* _About this task_:
A line below contains "v))\<^sup>2 \<le> (norm", and a later one contains "unfolding sq matrix_transpose_mul". Repeat both, with every line between them, exactly.

Extracted data entries
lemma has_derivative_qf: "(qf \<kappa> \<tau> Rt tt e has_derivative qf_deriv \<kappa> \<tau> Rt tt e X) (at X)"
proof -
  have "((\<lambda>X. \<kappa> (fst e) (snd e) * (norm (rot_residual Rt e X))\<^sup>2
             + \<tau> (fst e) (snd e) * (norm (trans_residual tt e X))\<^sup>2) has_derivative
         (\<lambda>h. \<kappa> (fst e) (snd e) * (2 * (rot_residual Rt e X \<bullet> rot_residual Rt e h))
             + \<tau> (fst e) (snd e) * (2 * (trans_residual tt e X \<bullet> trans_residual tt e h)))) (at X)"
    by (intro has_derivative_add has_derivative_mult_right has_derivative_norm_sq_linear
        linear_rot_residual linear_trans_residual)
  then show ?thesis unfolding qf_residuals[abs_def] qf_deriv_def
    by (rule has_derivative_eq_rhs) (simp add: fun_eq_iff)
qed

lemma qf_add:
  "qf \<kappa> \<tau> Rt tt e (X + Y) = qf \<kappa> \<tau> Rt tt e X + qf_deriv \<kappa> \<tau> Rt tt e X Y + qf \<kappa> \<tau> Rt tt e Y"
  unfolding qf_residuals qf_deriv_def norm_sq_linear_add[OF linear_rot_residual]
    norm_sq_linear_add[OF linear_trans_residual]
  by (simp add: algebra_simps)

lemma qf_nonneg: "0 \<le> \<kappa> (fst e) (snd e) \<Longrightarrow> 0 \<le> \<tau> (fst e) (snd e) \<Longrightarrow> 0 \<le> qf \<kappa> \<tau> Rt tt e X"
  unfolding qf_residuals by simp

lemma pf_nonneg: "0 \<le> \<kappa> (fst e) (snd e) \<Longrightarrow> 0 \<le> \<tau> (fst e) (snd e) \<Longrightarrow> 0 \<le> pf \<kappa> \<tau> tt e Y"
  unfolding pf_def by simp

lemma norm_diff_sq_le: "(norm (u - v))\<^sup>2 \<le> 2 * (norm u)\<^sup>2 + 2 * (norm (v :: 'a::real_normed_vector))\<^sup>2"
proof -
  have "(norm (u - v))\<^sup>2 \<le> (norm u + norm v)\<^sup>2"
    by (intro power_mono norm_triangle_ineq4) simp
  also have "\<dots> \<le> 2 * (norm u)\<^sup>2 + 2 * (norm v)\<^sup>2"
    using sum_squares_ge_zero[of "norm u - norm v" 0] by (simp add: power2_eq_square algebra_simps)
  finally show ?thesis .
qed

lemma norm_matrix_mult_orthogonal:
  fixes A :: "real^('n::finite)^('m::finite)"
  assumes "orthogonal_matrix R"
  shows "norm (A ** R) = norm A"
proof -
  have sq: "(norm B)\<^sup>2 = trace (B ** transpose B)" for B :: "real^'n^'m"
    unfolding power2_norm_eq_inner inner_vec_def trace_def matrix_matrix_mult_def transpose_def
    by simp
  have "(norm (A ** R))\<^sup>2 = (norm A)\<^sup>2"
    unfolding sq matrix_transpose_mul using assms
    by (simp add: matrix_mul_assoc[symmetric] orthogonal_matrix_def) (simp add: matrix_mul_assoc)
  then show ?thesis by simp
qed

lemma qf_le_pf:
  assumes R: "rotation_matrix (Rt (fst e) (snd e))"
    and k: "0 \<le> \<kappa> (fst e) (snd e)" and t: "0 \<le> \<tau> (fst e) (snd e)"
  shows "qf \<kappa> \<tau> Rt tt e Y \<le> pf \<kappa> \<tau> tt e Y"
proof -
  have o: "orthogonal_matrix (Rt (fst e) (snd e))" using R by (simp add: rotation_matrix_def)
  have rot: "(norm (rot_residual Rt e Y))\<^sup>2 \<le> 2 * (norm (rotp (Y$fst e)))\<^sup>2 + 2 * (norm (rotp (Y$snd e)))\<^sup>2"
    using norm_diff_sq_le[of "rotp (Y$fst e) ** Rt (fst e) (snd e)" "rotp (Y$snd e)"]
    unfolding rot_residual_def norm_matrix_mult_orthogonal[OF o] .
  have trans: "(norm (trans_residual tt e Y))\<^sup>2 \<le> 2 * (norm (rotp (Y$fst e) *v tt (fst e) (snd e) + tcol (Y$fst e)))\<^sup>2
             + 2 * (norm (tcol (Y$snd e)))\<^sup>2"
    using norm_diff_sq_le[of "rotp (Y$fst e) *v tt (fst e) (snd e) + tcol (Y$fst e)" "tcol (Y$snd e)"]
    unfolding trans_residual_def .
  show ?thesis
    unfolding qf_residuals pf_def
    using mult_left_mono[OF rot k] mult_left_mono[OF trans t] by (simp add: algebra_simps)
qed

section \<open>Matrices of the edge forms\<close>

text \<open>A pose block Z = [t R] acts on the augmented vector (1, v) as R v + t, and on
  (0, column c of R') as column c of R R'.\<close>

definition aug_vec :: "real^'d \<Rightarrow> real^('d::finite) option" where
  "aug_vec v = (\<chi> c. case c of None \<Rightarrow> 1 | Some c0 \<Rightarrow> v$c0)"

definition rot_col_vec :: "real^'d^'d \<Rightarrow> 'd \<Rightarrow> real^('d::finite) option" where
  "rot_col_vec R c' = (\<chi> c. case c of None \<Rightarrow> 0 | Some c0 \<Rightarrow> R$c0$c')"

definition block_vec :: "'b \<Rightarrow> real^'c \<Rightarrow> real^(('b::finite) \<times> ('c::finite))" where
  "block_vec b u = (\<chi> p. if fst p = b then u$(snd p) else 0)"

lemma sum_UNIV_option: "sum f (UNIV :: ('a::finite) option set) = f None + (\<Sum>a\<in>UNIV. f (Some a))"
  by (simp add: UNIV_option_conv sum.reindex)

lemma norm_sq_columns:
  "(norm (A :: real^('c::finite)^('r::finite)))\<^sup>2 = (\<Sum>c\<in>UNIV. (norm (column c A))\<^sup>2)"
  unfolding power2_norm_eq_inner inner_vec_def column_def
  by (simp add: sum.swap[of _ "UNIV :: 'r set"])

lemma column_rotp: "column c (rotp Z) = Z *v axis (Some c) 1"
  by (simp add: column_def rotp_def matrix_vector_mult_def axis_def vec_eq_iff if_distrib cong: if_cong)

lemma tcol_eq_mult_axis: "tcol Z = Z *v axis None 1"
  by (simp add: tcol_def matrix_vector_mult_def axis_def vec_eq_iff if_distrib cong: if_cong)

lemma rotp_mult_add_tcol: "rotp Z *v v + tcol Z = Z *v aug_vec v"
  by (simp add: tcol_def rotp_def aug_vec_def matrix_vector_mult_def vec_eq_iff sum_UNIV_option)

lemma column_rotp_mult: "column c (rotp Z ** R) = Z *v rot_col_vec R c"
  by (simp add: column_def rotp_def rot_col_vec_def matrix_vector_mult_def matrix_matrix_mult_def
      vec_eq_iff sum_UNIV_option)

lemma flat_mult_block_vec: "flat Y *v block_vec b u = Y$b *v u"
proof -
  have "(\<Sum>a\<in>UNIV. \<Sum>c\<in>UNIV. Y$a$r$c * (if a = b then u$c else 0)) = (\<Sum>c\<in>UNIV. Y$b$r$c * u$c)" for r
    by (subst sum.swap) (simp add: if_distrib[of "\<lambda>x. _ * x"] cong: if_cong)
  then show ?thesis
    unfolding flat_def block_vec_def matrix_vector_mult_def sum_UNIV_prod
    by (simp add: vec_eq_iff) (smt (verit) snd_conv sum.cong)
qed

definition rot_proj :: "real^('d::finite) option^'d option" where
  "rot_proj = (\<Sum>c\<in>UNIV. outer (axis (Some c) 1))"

...

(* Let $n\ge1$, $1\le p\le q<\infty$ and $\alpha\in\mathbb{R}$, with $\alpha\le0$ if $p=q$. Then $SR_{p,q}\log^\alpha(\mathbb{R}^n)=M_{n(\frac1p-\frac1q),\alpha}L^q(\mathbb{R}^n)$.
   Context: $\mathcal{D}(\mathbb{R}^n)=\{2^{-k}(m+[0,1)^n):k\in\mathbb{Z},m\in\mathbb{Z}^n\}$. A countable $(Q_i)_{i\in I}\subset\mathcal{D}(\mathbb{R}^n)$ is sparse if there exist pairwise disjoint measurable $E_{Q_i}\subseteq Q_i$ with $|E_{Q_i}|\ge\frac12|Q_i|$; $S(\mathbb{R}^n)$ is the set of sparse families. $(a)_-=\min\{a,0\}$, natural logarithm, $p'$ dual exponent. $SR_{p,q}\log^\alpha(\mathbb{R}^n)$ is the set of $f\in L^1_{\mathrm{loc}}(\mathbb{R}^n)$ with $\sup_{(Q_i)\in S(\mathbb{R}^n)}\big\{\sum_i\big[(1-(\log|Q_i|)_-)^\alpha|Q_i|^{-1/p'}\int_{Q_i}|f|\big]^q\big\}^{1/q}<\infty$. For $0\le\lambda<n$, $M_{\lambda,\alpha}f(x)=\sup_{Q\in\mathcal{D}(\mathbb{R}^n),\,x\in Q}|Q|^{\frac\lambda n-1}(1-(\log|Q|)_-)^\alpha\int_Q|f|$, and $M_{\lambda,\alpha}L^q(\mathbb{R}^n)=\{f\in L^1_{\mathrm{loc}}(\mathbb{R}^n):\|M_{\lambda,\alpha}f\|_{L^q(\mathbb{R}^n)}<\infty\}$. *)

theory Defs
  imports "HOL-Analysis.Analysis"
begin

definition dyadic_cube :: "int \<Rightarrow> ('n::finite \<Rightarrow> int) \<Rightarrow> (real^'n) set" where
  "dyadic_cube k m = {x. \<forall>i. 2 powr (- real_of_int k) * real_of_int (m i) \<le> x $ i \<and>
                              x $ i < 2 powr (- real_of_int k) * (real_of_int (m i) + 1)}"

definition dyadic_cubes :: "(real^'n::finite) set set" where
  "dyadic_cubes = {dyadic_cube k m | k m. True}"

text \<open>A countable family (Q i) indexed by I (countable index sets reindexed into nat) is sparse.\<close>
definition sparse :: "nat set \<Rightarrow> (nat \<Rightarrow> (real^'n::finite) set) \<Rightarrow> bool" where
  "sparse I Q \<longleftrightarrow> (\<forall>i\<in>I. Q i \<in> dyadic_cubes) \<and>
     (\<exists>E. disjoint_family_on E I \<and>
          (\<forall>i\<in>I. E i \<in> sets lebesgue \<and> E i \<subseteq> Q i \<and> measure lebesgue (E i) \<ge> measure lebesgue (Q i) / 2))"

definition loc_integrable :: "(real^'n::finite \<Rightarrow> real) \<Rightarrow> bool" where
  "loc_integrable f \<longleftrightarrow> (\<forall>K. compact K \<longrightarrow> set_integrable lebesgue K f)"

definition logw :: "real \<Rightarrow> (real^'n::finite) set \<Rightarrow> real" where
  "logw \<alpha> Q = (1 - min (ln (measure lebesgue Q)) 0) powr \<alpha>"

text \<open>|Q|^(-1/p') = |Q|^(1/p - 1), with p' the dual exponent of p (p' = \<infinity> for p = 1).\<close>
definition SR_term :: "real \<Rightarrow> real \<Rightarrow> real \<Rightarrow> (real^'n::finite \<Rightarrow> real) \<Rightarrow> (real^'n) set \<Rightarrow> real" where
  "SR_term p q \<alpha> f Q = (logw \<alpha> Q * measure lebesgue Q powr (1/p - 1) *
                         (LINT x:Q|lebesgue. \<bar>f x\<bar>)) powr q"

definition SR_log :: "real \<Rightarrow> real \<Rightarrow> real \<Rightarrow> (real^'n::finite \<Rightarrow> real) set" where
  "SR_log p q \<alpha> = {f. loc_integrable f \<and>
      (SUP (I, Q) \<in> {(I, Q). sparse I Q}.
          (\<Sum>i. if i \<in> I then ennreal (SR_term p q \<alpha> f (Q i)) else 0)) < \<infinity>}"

* * *

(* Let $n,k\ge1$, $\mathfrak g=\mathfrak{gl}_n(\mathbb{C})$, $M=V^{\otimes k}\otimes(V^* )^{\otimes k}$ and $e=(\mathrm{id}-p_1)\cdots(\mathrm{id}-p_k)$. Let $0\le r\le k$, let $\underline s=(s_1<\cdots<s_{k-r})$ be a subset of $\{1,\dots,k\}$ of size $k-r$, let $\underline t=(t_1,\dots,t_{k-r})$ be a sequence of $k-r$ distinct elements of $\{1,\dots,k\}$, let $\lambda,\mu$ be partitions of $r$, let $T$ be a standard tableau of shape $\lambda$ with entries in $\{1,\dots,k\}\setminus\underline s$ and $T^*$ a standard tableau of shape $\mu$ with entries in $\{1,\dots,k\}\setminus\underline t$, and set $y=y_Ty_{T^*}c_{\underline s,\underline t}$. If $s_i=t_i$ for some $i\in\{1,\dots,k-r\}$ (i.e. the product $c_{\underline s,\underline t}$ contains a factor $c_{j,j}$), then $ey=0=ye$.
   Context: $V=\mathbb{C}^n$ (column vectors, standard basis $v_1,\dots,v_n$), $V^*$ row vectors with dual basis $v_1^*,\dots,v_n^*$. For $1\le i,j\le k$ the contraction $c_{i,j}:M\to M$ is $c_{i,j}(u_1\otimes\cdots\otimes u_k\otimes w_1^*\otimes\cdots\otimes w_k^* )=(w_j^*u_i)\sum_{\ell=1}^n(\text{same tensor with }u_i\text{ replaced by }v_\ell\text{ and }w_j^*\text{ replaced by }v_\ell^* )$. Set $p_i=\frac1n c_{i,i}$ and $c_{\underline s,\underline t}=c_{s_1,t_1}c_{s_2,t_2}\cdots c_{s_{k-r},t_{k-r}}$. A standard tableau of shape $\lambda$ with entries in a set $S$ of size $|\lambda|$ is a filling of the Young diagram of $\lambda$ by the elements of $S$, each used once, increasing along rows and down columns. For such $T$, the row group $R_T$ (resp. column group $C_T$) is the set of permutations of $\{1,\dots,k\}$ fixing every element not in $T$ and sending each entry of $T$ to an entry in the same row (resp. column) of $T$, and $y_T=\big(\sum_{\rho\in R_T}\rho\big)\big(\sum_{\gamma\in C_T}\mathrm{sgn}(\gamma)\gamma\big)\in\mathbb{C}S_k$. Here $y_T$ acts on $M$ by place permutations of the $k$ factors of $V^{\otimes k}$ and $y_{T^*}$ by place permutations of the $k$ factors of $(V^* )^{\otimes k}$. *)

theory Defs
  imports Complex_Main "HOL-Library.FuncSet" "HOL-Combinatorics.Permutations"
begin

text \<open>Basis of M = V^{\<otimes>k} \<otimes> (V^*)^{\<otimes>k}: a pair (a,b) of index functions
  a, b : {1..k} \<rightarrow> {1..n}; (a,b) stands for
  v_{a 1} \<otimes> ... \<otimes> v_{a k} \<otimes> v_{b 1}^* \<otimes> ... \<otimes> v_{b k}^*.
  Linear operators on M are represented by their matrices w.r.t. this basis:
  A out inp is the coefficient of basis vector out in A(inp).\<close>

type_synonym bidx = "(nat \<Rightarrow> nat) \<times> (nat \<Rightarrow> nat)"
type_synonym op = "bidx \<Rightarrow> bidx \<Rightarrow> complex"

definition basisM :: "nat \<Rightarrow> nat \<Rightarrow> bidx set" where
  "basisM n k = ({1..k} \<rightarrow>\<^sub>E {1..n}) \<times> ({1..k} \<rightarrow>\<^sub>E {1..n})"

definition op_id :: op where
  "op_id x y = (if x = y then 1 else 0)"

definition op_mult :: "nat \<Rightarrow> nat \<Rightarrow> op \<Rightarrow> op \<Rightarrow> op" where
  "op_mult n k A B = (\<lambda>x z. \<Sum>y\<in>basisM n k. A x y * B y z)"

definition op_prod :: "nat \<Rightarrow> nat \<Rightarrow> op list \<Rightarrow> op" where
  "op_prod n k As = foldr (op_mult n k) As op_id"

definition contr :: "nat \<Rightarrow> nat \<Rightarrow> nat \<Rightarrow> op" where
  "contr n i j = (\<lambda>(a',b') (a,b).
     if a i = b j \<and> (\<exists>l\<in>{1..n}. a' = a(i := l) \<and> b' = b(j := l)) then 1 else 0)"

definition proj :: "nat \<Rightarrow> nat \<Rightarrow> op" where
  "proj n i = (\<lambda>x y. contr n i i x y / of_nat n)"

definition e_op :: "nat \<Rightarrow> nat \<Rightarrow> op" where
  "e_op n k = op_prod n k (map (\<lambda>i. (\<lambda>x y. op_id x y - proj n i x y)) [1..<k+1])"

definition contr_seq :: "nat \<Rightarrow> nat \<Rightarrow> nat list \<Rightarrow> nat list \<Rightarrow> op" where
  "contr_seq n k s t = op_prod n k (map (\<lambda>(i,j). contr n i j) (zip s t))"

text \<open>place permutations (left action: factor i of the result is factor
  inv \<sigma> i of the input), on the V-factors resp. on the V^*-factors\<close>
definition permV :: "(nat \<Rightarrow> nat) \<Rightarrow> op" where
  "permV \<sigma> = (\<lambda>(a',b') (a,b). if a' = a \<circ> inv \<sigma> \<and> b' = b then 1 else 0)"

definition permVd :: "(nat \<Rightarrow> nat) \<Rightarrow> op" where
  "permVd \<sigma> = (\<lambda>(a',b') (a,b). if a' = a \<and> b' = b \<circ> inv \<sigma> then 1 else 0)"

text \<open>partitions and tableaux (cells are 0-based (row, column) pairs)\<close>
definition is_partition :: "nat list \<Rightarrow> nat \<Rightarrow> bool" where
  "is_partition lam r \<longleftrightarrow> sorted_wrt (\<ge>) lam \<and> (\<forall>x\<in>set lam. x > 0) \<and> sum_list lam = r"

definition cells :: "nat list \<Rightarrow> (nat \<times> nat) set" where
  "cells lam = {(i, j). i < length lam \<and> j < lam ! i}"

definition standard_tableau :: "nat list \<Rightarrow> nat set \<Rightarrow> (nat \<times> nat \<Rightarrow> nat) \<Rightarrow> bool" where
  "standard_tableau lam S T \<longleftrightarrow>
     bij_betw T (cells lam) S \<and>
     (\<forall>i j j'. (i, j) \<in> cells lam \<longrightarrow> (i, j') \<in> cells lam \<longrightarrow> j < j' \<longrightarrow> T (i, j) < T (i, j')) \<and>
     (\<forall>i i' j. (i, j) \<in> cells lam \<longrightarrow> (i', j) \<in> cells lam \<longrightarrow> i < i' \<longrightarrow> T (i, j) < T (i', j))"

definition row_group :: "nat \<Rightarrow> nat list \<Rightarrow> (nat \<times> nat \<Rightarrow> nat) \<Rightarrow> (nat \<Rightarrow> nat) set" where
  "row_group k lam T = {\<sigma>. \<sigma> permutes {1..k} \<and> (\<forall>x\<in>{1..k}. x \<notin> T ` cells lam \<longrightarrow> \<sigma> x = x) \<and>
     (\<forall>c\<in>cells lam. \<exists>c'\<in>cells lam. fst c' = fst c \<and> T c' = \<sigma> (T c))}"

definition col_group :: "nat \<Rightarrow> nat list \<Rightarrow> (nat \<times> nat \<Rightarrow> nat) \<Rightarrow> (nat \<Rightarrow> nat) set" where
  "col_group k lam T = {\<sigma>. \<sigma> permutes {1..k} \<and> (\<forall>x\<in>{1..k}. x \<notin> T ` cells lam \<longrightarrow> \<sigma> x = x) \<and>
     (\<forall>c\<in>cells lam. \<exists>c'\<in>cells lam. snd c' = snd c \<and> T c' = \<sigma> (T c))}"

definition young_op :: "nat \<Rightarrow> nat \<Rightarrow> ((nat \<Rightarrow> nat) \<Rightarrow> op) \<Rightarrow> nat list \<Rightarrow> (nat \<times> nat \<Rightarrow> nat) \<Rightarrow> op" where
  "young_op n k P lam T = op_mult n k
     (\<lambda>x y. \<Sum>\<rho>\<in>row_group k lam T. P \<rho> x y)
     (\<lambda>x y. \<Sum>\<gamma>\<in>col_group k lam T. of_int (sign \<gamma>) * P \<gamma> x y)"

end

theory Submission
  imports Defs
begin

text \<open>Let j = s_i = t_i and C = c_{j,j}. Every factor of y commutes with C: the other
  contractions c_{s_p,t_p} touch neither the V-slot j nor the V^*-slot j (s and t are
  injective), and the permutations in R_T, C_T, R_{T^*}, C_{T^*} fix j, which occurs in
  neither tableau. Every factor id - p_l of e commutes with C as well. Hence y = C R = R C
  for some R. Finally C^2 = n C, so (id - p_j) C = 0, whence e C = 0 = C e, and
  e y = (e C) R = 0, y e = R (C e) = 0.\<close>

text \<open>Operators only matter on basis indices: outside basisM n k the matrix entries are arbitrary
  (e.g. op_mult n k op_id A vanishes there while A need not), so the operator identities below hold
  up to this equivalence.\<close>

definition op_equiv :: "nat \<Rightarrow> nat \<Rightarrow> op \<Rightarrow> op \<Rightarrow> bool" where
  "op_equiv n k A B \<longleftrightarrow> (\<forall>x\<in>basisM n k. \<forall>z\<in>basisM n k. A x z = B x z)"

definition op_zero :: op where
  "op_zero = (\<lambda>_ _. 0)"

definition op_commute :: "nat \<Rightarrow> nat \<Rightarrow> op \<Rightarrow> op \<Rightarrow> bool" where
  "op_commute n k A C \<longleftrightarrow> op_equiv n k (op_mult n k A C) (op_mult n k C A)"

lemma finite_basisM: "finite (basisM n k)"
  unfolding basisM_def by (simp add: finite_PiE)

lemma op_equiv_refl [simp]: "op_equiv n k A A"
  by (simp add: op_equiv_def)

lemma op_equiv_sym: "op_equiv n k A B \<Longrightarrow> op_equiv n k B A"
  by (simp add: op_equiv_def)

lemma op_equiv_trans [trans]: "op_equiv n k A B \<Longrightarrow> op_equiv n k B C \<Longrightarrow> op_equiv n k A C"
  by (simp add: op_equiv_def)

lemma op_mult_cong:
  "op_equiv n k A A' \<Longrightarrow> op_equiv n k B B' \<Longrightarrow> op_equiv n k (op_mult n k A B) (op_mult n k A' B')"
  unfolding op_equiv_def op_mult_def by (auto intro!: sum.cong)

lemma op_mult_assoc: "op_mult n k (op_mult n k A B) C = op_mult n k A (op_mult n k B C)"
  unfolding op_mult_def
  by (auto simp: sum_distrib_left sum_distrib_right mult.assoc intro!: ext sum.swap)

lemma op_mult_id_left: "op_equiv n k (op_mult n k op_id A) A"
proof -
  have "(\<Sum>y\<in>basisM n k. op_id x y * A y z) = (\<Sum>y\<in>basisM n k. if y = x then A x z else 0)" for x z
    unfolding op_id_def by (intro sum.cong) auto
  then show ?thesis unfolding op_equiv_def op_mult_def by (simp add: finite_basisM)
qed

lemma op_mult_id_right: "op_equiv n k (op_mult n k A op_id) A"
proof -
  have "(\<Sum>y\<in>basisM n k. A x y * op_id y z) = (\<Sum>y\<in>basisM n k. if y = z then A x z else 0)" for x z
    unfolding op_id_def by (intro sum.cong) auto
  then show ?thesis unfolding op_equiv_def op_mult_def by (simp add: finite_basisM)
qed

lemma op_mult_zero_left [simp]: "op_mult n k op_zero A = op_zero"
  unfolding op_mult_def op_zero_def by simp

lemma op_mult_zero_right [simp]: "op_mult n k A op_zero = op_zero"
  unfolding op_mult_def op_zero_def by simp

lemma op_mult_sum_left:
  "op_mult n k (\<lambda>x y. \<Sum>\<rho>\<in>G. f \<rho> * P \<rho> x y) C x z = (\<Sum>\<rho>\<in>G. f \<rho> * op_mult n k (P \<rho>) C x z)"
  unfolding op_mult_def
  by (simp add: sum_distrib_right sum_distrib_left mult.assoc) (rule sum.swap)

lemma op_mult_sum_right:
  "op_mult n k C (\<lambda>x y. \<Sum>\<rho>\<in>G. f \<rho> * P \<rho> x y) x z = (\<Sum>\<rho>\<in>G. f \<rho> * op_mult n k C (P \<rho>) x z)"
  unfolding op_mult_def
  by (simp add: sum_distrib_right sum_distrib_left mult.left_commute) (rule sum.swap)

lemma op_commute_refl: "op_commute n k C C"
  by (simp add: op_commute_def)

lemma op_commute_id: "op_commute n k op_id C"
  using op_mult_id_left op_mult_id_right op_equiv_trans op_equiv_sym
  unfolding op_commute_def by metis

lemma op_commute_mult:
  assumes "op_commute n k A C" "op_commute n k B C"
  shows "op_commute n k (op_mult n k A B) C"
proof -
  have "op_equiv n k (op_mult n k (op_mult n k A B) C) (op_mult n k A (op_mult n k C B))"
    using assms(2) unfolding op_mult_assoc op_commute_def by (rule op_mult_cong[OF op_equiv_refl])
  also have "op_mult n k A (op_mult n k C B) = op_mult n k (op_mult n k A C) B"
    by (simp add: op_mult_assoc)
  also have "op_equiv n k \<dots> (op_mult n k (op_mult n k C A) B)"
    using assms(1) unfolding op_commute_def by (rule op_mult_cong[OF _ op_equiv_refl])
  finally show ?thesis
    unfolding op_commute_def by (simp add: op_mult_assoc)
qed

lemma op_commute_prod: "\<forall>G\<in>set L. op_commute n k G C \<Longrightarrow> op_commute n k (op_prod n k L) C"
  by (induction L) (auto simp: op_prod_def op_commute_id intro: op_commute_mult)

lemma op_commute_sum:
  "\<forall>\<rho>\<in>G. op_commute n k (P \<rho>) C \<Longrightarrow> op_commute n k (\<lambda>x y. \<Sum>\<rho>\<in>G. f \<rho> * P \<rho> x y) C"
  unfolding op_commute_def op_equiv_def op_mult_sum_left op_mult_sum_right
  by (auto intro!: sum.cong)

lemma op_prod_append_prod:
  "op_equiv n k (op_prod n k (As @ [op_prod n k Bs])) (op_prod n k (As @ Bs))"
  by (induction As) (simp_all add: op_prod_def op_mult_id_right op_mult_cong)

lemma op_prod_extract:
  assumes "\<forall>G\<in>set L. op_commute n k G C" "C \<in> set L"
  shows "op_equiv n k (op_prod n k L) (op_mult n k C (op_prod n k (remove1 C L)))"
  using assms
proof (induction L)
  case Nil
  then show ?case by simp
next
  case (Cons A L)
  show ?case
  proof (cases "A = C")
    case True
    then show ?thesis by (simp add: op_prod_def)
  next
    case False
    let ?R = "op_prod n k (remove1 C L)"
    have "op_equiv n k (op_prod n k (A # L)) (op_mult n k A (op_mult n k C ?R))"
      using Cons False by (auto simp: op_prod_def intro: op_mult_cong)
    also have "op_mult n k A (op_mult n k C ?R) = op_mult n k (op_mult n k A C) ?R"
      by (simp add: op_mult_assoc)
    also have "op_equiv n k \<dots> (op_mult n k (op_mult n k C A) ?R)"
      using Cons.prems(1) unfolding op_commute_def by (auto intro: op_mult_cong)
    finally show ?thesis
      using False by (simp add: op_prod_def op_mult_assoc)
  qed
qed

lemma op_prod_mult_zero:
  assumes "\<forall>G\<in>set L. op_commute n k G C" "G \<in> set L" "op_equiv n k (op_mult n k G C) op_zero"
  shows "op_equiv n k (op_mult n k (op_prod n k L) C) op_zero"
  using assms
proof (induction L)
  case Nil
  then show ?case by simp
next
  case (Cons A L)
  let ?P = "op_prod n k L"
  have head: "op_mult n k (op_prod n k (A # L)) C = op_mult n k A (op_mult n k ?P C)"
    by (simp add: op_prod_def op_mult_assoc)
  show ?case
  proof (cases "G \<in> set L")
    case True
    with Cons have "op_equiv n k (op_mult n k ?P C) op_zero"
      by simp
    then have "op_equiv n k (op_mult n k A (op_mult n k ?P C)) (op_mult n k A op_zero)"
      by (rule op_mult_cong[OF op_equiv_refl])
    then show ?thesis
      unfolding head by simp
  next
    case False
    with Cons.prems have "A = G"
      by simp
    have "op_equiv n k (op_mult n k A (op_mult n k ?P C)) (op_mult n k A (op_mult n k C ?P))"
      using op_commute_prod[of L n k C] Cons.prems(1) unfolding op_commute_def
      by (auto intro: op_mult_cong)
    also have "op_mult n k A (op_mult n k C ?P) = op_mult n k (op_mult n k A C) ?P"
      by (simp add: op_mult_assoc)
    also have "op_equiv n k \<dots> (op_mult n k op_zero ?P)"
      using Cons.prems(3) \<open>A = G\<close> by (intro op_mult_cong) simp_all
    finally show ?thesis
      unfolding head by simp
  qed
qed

* _Exercise answer_:
  have "(norm (u - v))\<^sup>2 \<le> (norm u + norm v)\<^sup>2"
    by (intro power_mono norm_triangle_ineq4) simp
  also have "\<dots> \<le> 2 * (norm u)\<^sup>2 + 2 * (norm v)\<^sup>2"
    using sum_squares_ge_zero[of "norm u - norm v" 0] by (simp add: power2_eq_square algebra_simps)
  finally show ?thesis .
qed

lemma norm_matrix_mult_orthogonal:
  fixes A :: "real^('n::finite)^('m::finite)"
  assumes "orthogonal_matrix R"
  shows "norm (A ** R) = norm A"
proof -
  have sq: "(norm B)\<^sup>2 = trace (B ** transpose B)" for B :: "real^'n^'m"
    unfolding power2_norm_eq_inner inner_vec_def trace_def matrix_matrix_mult_def transpose_def
    by simp
  have "(norm (A ** R))\<^sup>2 = (norm A)\<^sup>2"
    unfolding sq matrix_transpose_mul using assms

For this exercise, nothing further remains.